Bump, anyone else have any suggestions?


----------



## Tesseract (Sep 27, 2008)

If you want advice on which IPM to use I suggest contacting the manufacturers of them. IPMs are rarely used in commercial products because they are invariably "single-source" items (ie - no direct cross-reference to a competitor) and cost more than a separate module and gate driver design (and often perform worse than the separate solution, too).


----------



## tylerwatts (Feb 9, 2012)

Look at open source ac controller thread on here!


----------



## JRoque (Mar 9, 2010)

Hi.

Not sure what your budget is but I would skip the design headaches and risks and go Soliton Junior. A quick price check on that MOSFET shows that it's $300 and you have to buy 10 of them at a minimum.

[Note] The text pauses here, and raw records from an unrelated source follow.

(* Let $f:\mathbb{R}^d\to\mathbb{R}$ be $\mu$-strongly convex and $L$-smooth (i.e. $\nabla f$ is $L$-Lipschitz), with minimum value $f_\ast$. Let $\theta_0\in\mathbb{R}^d$ be fixed and define iterates $\theta_{t+1}=\theta_t-\alpha\,(\gamma_t\odot g_t)$ with $\alpha=1/L$, where $g_t$ is a random vector satisfying, conditionally on the history $\theta_0,\dots,\theta_t$, $\mathbf{E}[g_t\mid\theta_t]=\nabla f(\theta_t)$ and $\mathbf{var}[g_{t,i}\mid\theta_t]=\sigma_{t,i}^2<\infty$, and where the (idealized) variance adaptation factors are $$\gamma_{t,i}=\frac{\nabla f(\theta_t)_i^2}{\nabla f(\theta_t)_i^2+\sigma_{t,i}^2}$$ (with $\gamma_{t,i}:=0$ if the denominator vanishes). Assume there are constants $c_v,M_v>0$ such that for all $t$, $\sum_{i=1}^d\sigma_{t,i}^2\le c_v\|\nabla f(\theta_t)\|^2+M_v$. Then $\mathbf{E}[f(\theta_t)-f_\ast]\in\mathcal{O}(1/t)$ as $t\to\infty$.
   Context: $\odot$ denotes element-wise multiplication; $\|\cdot\|$ is the Euclidean norm; $x_i$ denotes the $i$-th coordinate of a vector $x$. *)

theory Defs
  imports "HOL-Probability.Probability" "HOL-Library.Landau_Symbols"
begin

definition strongly_convex :: "real \<Rightarrow> ('v::real_normed_vector \<Rightarrow> real) \<Rightarrow> bool" where
  "strongly_convex \<mu> f \<longleftrightarrow>
     (\<forall>x y u. 0 \<le> u \<longrightarrow> u \<le> 1 \<longrightarrow>
        f (u *\<^sub>R x + (1 - u) *\<^sub>R y) \<le> u * f x + (1 - u) * f y - \<mu> / 2 * u * (1 - u) * (norm (x - y))\<^sup>2)"

definition vadapt :: "real \<Rightarrow> real \<Rightarrow> real" where
  "vadapt a s = (if a\<^sup>2 + s = 0 then 0 else a\<^sup>2 / (a\<^sup>2 + s))"

definition hist_alg :: "'a measure \<Rightarrow> (nat \<Rightarrow> 'a \<Rightarrow> 'b::topological_space) \<Rightarrow> nat \<Rightarrow> 'a measure" where
  "hist_alg M X t = sigma (space M) (\<Union>s\<in>{..t}. {X s -` B \<inter> space M | B. B \<in> sets borel})"

end

theory Submission
  imports Defs
begin

(*
  With step 1/L, the descent lemma for L-smooth f gives
    f(theta_{t+1}) <= f(theta_t) - <grad f, gamma * g>/L + |gamma * g|^2/(2L).
  Conditionally on the history, unbiasedness turns the first-order term into
  sum_i gamma_i grad_i^2, and the bias-variance decomposition turns the second-order term into
  sum_i gamma_i^2 (grad_i^2 + sigma_i^2), which for the idealized factors is the same sum.
  Hence the expected gap e_t = E[f(theta_t) - f_*] drops by E[sum_i gamma_i grad_i^2]/(2L).
  As gamma_i grad_i^2 dominates 2 l grad_i^2 - l^2 (grad_i^2 + sigma_i^2) for every l, the
  variance bound and the Polyak-Lojasiewicz inequality |grad f|^2 >= 2 mu (f - f_* ) yield
    e_{t+1} <= (1 - mu l / L) e_t + M_v l^2 / (2L)   for all 0 <= l <= 1/(1 + c_v),
  and the step sizes l ~ 2L/(mu t) give e_t = O(1/t).
*)

lemma abs_mult_le_sum_squares:
  fixes a b :: real
  shows "\<bar>a * b\<bar> \<le> a\<^sup>2 + b\<^sup>2"
proof -
  have "2 * \<bar>a\<bar> * \<bar>b\<bar> \<le> a\<^sup>2 + b\<^sup>2" using sum_squares_bound[of "\<bar>a\<bar>" "\<bar>b\<bar>"] by simp
  moreover have "0 \<le> \<bar>a\<bar> * \<bar>b\<bar>" by simp
  ultimately show ?thesis unfolding abs_mult by linarith
qed

lemma power2_le_twice_sum_squares:
  fixes u a b :: real
  assumes "0 \<le> u" "u \<le> a + b"
  shows "u\<^sup>2 \<le> 2 * a\<^sup>2 + 2 * b\<^sup>2"
proof -
  have "u\<^sup>2 \<le> (a + b)\<^sup>2" using assms by (intro power_mono) auto
  also have "\<dots> \<le> 2 * a\<^sup>2 + 2 * b\<^sup>2"
    using sum_squares_bound[of a b] by (simp add: power2_sum)
  finally show ?thesis .
qed

lemma norm_vec_sq: "(norm (x :: real^'n))\<^sup>2 = (\<Sum>i\<in>UNIV. (x $ i)\<^sup>2)"
  by (simp only: power2_norm_eq_inner inner_vec_def) (simp add: power2_eq_square)

section \<open>Smooth and strongly convex functions\<close>

lemma has_real_derivative_along_line:
  fixes f :: "'v::real_inner \<Rightarrow> real"
  assumes grad: "\<And>x. (f has_derivative (\<lambda>h. Df x \<bullet> h)) (at x)"
  shows "((\<lambda>s. f (x + s *\<^sub>R h)) has_real_derivative (Df (x + s *\<^sub>R h) \<bullet> h)) (at s)"
proof -
  have "((\<lambda>s. x + s *\<^sub>R h) has_derivative (\<lambda>d. d *\<^sub>R h)) (at s)"
    by (auto intro!: derivative_eq_intros)
  from has_derivative_compose[OF this grad]
  have "((\<lambda>s. f (x + s *\<^sub>R h)) has_derivative (\<lambda>d. Df (x + s *\<^sub>R h) \<bullet> (d *\<^sub>R h))) (at s)" .
  moreover have "(\<lambda>d. Df (x + s *\<^sub>R h) \<bullet> (d *\<^sub>R h)) = (*) (Df (x + s *\<^sub>R h) \<bullet> h)"
    by (auto simp: inner_scaleR_right)
  ultimately show ?thesis unfolding has_field_derivative_def by simp
qed

lemma lipschitz_gradient_upper_bound:
  fixes f :: "'v::real_inner \<Rightarrow> real"
  assumes grad: "\<And>x. (f has_derivative (\<lambda>h. Df x \<bullet> h)) (at x)"
    and smooth: "\<And>x y. norm (Df x - Df y) \<le> L * norm (x - y)"
  shows "f y \<le> f x + Df x \<bullet> (y - x) + L / 2 * (norm (y - x))\<^sup>2"
proof -
  define h where "h = y - x"
  define \<psi> where "\<psi> s = f (x + s *\<^sub>R h) - s * (Df x \<bullet> h) - L / 2 * s\<^sup>2 * (norm h)\<^sup>2" for s
  have \<psi>': "(\<psi> has_real_derivative (Df (x + s *\<^sub>R h) \<bullet> h - Df x \<bullet> h - L * s * (norm h)\<^sup>2)) (at s)" for s
    unfolding \<psi>_def
    by (rule derivative_eq_intros has_real_derivative_along_line[OF grad] refl | simp)+
  have "\<psi> 1 \<le> \<psi> 0"
  proof (rule DERIV_nonpos_imp_nonincreasing[of 0 1])
    fix s :: real assume s: "0 \<le> s" "s \<le> 1"
    have "Df (x + s *\<^sub>R h) \<bullet> h - Df x \<bullet> h \<le> norm (Df (x + s *\<^sub>R h) - Df x) * norm h"
      by (metis inner_diff_left norm_cauchy_schwarz)
    also have "\<dots> \<le> L * norm (s *\<^sub>R h) * norm h"
      using smooth[of "x + s *\<^sub>R h" x] by (simp add: mult_right_mono)
    also have "\<dots> = L * s * (norm h)\<^sup>2" using s by (simp add: power2_eq_square)
    finally show "\<exists>y. (\<psi> has_real_derivative y) (at s) \<and> y \<le> 0"
      using \<psi>' by fastforce
  qed simp
  then show ?thesis unfolding \<psi>_def h_def by simp
qed

lemma gradient_step_upper_bound:
  fixes f :: "'v::real_inner \<Rightarrow> real"
  assumes grad: "\<And>x. (f has_derivative (\<lambda>h. Df x \<bullet> h)) (at x)"
    and smooth: "\<And>x y. norm (Df x - Df y) \<le> L * norm (x - y)"
    and "L > 0"
  shows "f (x - (1 / L) *\<^sub>R w) \<le> f x - (Df x \<bullet> w) / L + (norm w)\<^sup>2 / (2 * L)"
proof -
  have "f (x - (1 / L) *\<^sub>R w) \<le> f x + Df x \<bullet> (- ((1 / L) *\<^sub>R w)) + L / 2 * (norm (- ((1 / L) *\<^sub>R w)))\<^sup>2"
    using lipschitz_gradient_upper_bound[OF grad smooth, of "x - (1 / L) *\<^sub>R w" x] by simp
  also have "\<dots> = f x - (Df x \<bullet> w) / L + (norm w)\<^sup>2 / (2 * L)"
    using \<open>L > 0\<close> by (simp add: power_divide power2_eq_square)
  finally show ?thesis .
qed

lemma lipschitz_gradient_quadratic_growth:
  fixes f :: "'v::real_inner \<Rightarrow> real"
  assumes grad: "\<And>x. (f has_derivative (\<lambda>h. Df x \<bullet> h)) (at x)"
    and smooth: "\<And>x y. norm (Df x - Df y) \<le> L * norm (x - y)"
  shows "f y \<le> f 0 + (norm (Df 0))\<^sup>2 + (L / 2 + 1) * (norm y)\<^sup>2"
proof -
  have "Df 0 \<bullet> y \<le> norm (Df 0) * norm y" by (rule norm_cauchy_schwarz)
  also have "\<dots> \<le> (norm (Df 0))\<^sup>2 + (norm y)\<^sup>2"
    using abs_mult_le_sum_squares[of "norm (Df 0)" "norm y"] by simp
  finally show ?thesis
    using lipschitz_gradient_upper_bound[OF grad smooth, of y 0] by (simp add: algebra_simps)
qed

lemma strongly_convex_lower_bound:
  fixes f :: "'v::real_inner \<Rightarrow> real"
  assumes grad: "\<And>x. (f has_derivative (\<lambda>h. Df x \<bullet> h)) (at x)"
    and sconv: "strongly_convex \<mu> f"
  shows "f x + Df x \<bullet> (y - x) + \<mu> / 2 * (norm (y - x))\<^sup>2 \<le> f y"
proof -
  define h where "h = y - x"
  have "((\<lambda>s. f (x + s *\<^sub>R h)) has_real_derivative (Df x \<bullet> h)) (at 0)"
    using has_real_derivative_along_line[OF grad, of x h 0] by simp
  then have lim: "((\<lambda>u. (f (x + u *\<^sub>R h) - f x) / u) \<longlongrightarrow> Df x \<bullet> h) (at_right 0)"
    unfolding has_field_derivative_iff by (auto intro: tendsto_mono at_le)
  have lim': "((\<lambda>u. f y - f x - \<mu> / 2 * (1 - u) * (norm h)\<^sup>2) \<longlongrightarrow> f y - f x - \<mu> / 2 * (1 - 0) * (norm h)\<^sup>2) (at_right 0)"
    by (intro tendsto_intros)
  have "\<forall>\<^sub>F u in at_right 0. (f (x + u *\<^sub>R h) - f x) / u \<le> f y - f x - \<mu> / 2 * (1 - u) * (norm h)\<^sup>2"
  proof (rule eventually_mono[OF eventually_at_right_real[of 0 1]])
    fix u :: real assume "u \<in> {0<..<1}"
    then have u: "0 < u" "u < 1" by auto
    have "u *\<^sub>R y + (1 - u) *\<^sub>R x = x + u *\<^sub>R h" unfolding h_def by (simp add: algebra_simps)
    moreover have "f (u *\<^sub>R y + (1 - u) *\<^sub>R x) \<le> u * f y + (1 - u) * f x - \<mu> / 2 * u * (1 - u) * (norm h)\<^sup>2"
      using sconv u unfolding strongly_convex_def h_def by simp
    ultimately have "f (x + u *\<^sub>R h) - f x \<le> u * (f y - f x - \<mu> / 2 * (1 - u) * (norm h)\<^sup>2)"
      by (simp add: algebra_simps)
    then show "(f (x + u *\<^sub>R h) - f x) / u \<le> f y - f x - \<mu> / 2 * (1 - u) * (norm h)\<^sup>2"
      using u by (simp add: divide_le_eq mult.commute)
  qed simp
  from tendsto_le[OF trivial_limit_at_right_real lim' lim this]
  show ?thesis unfolding h_def by simp
qed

Maybe eBay can help but that could be a risky source.

The Soliton Jr might work with your PM motor, check with them. If it does, it opens up a huge amount of flexibility and tuning for your application - along with proven reliability and safety. The last thing you need is to have a locked controller while you're full speed on your bike. 

If you accept the safety and other risks to save some money, then there's "open source" projects that have done complete controllers and might be a good reference. 

JR


----------



## tylerwatts (Feb 9, 2012)

Think we've missed a trick and this is a brushed DC permanent magnet motor like a Lynch motor. In this case a small DC controller is fine. For the cost I'd say get a small Alltrax unit, second hand if need be, or a golf cart controller which is essentially the same.


----------